You can find it in most health food stores and major specialty grocery stores.)



Instructions:

1.Preheat oven to 350° F
2.In a large bowl, vigorously whisk olive oil and brown sugar until smooth.
3.Stir in peanut butter and blend well.
4.Mix in banana and egg white.
5.Add flour, milled flax seed, cinnamon and baking powder and stir (preferable with a sturdy wooden spoon) until well combined.
6.Add oatmeal and stir until a dough forms.
7.Combine pumpkin seeds, almonds, pecans, peanuts, cranberries, pineapple, banana chips, and carob chips together in a small bowl.
8.Stir homemade trail mix into the batter.
9.Spray a sheet pan with cooking spray.
10.Scoop dough with a 1 inch cookie dropper.
11.Lightly roll ball in your hands and flatten into a cookie shape.
12.Bake for 8 minutes.
13.Cool completely on a wire rack.

Storing & Yield: These trail mix cookies will last for two weeks in the refrigerator. You can freeze them for up to four months. For more information on storing homemade dog treats be sure to review our tips and techniques.
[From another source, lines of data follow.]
lemma Wmass_partition_shrinking:
  assumes t0: "t0 \<in> I" and a: "\<And>n. 0 < a n" "summable a" "suminf a \<le> Wc t0"
  obtains s where "strict_mono (\<lambda>n. - s n)" "\<And>n. 0 < s n" "\<And>n. s n \<le> t0"
    "\<And>x. 0 < x \<Longrightarrow> \<exists>n. s n < x" "\<And>n. Wmass (s (Suc n)) (s n) = ennreal (a n)"
proof -
  have inI: "t \<in> I" "ereal t \<le> \<gamma>" if "0 \<le> t" "t \<le> t0" for t
    using that Iset_downward_closed[OF t0] by (auto simp: Iset_def less_imp_le)
  have anonn: "0 \<le> a n" for n using a(1)[of n] by simp
  define R where "R n = suminf a - (\<Sum>k<n. a k)" for n
  have Rpos: "0 < R n" for n
    using suminf_minus_initial_segment[OF a(2), of n] a(1,2) suminf_pos[of "\<lambda>k. a (k + n)"]
    by (simp add: R_def)
  have R_le: "R n \<le> Wc t0" for n using a(3) sum_nonneg[of "{..<n}" a] anonn by (simp add: R_def)
  have R_diff: "R n - R (Suc n) = a n" for n by (simp add: R_def)
  have "R \<longlonglongrightarrow> 0"
    using tendsto_diff[OF tendsto_const[of "suminf a"] summable_LIMSEQ[OF a(2)]]
    by (simp add: R_def[abs_def])
  have "\<exists>s. 0 \<le> s \<and> s \<le> t0 \<and> Wc s = R n" for n
    using Wc_attains[OF t0, of "R n"] less_imp_le[OF Rpos[of n]] R_le[of n] by auto
  then obtain s where s: "\<And>n. 0 \<le> s n" "\<And>n. s n \<le> t0" "\<And>n. Wc (s n) = R n" by metis
  have "strict_mono (\<lambda>n. - s n)"
  proof (rule strict_monoI_Suc, rule ccontr)
    fix n assume "\<not> - s n < - s (Suc n)"
    then have "Wc (s n) \<le> Wc (s (Suc n))" using s inI by (intro Wc_mono) auto
    then show False using s(3) R_diff[of n] a(1)[of n] by simp
  qed
  moreover have "0 < s n" for n
    using s(1)[of n] s(3)[of n] Rpos[of n] Wc_0 by (cases "s n = 0") auto
  moreover have "\<exists>n. s n < x" if x: "0 < x" for x
  proof -
    have "0 < w t0" using w_pos[OF t0] .
    then obtain n where "R n < w t0 * x"
      using order_tendstoD(2)[OF \<open>R \<longlonglongrightarrow> 0\<close>, of "w t0 * x"] x by (auto simp: eventually_sequentially)
    moreover have "w t0 * s n \<le> R n" using Wc_ge_linear[OF t0 s(1,2)] s(3) by simp
    ultimately have "w t0 * s n < w t0 * x" by linarith
    then show ?thesis using \<open>0 < w t0\<close> by (intro exI[of _ n]) simp
  qed
  moreover have "Wmass (s (Suc n)) (s n) = ennreal (a n)" for n
  proof -
    have "s (Suc n) \<le> s n" using strict_monoD[OF \<open>strict_mono (\<lambda>n. - s n)\<close>, of n "Suc n"] by simp
    then show ?thesis using Wmass_eq_Wc_diff[of "s (Suc n)" "s n"] s inI R_diff[of n] by simp
  qed
  ultimately show ?thesis using that s(2) by blast
qed

end

section \<open>Level functions of functions with decreasing ratio to the weight\<close>

text \<open>The averaging argument on a level interval \<open>(a, b]\<close> split at \<open>x\<close>: the quantities are
  the masses of \<open>h w\<close> and of \<open>w\<close> on \<open>(a, x]\<close> and \<open>(x, b]\<close>, and \<open>hx = h x\<close> for \<open>h\<close> decreasing.\<close>

lemma level_average_eq:
  fixes Ga Gb Wa Wb hx :: real
  assumes "0 < Wa" "0 < Wb" "hx * Wa \<le> Ga" "Gb \<le> hx * Wb"
    and level: "Ga / Wa \<le> (Ga + Gb) / (Wa + Wb)"
  shows "hx = (Ga + Gb) / (Wa + Wb)"
proof (rule antisym)
  have "hx \<le> Ga / Wa" using assms(1,3) by (simp add: le_divide_eq)
  then show "hx \<le> (Ga + Gb) / (Wa + Wb)" using level by linarith
  show "(Ga + Gb) / (Wa + Wb) \<le> hx"
  proof (rule ccontr)
    assume "\<not> ?thesis"
    then have "hx * Wb < (Ga + Gb) / (Wa + Wb) * Wb"
      using assms(2) by (intro mult_strict_right_mono) auto
    then have "Gb < (Ga + Gb) / (Wa + Wb) * Wb" using assms(4) by linarith
    moreover have "Ga \<le> (Ga + Gb) / (Wa + Wb) * Wa" using level assms(1) by (simp add: divide_le_eq)
    ultimately have "Ga + Gb < (Ga + Gb) / (Wa + Wb) * (Wa + Wb)" by (simp add: distrib_left)
    then show False using assms(1,2) by simp
  qed
qed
The yield depends on what size cookie dropper you use and how tightly you pack each cookie. You should be able to make 3 dozen dog cookies with a 1" scoop. 


This came from this website:
http://www.dogtreatkitchen.com/dog-cookies-recipes.html


----------



## PandaBear (Sep 6, 2009)

Thank You so much for the recipe!


----------



## Michiyo-Fir (Jul 25, 2009)

The one that has worked the best for me is Ziwipeak. Just their regular food, not the treats. It's balanced and VERY calorie dense. It's basically air dried, balanced meat. I haven't seen any dogs turn their noses up at it yet. Since my dog loses weight very quickly when she gets lots of exercise, for days that she gets a 5 mile walk, I give her about 1/2 cup of Ziwipeak.

Another thing you can try is Natural Balance's food rolls but these might spoil on a hike if you don't bring some frozen juice packs or something to keep it cool.

The only downside is that a 2 lb bag costs like $25...depending on how much you want to supplement, it might be too expensive.


----------



## chrisn6104 (Jun 8, 2009)

Food for a 10mi walk? 
A dog just needs water. 
If I do something long or strenuous that I feel the need to feed them I'll bring along jerky type treats. Something like chicken jerky form costco. Not the human kind but the dog treats.


----------



## angel_baby (Nov 18, 2008)

Diesel packs when we go hiking and normally I simply bring treats. He has no interest in eating when we go packing. I do take food when we go on overnight trips however. Water is essential. I have the palisades Dog pack which, has water bladders inside the pack to fill and take along. Love it. Lasts a while and works well.


----------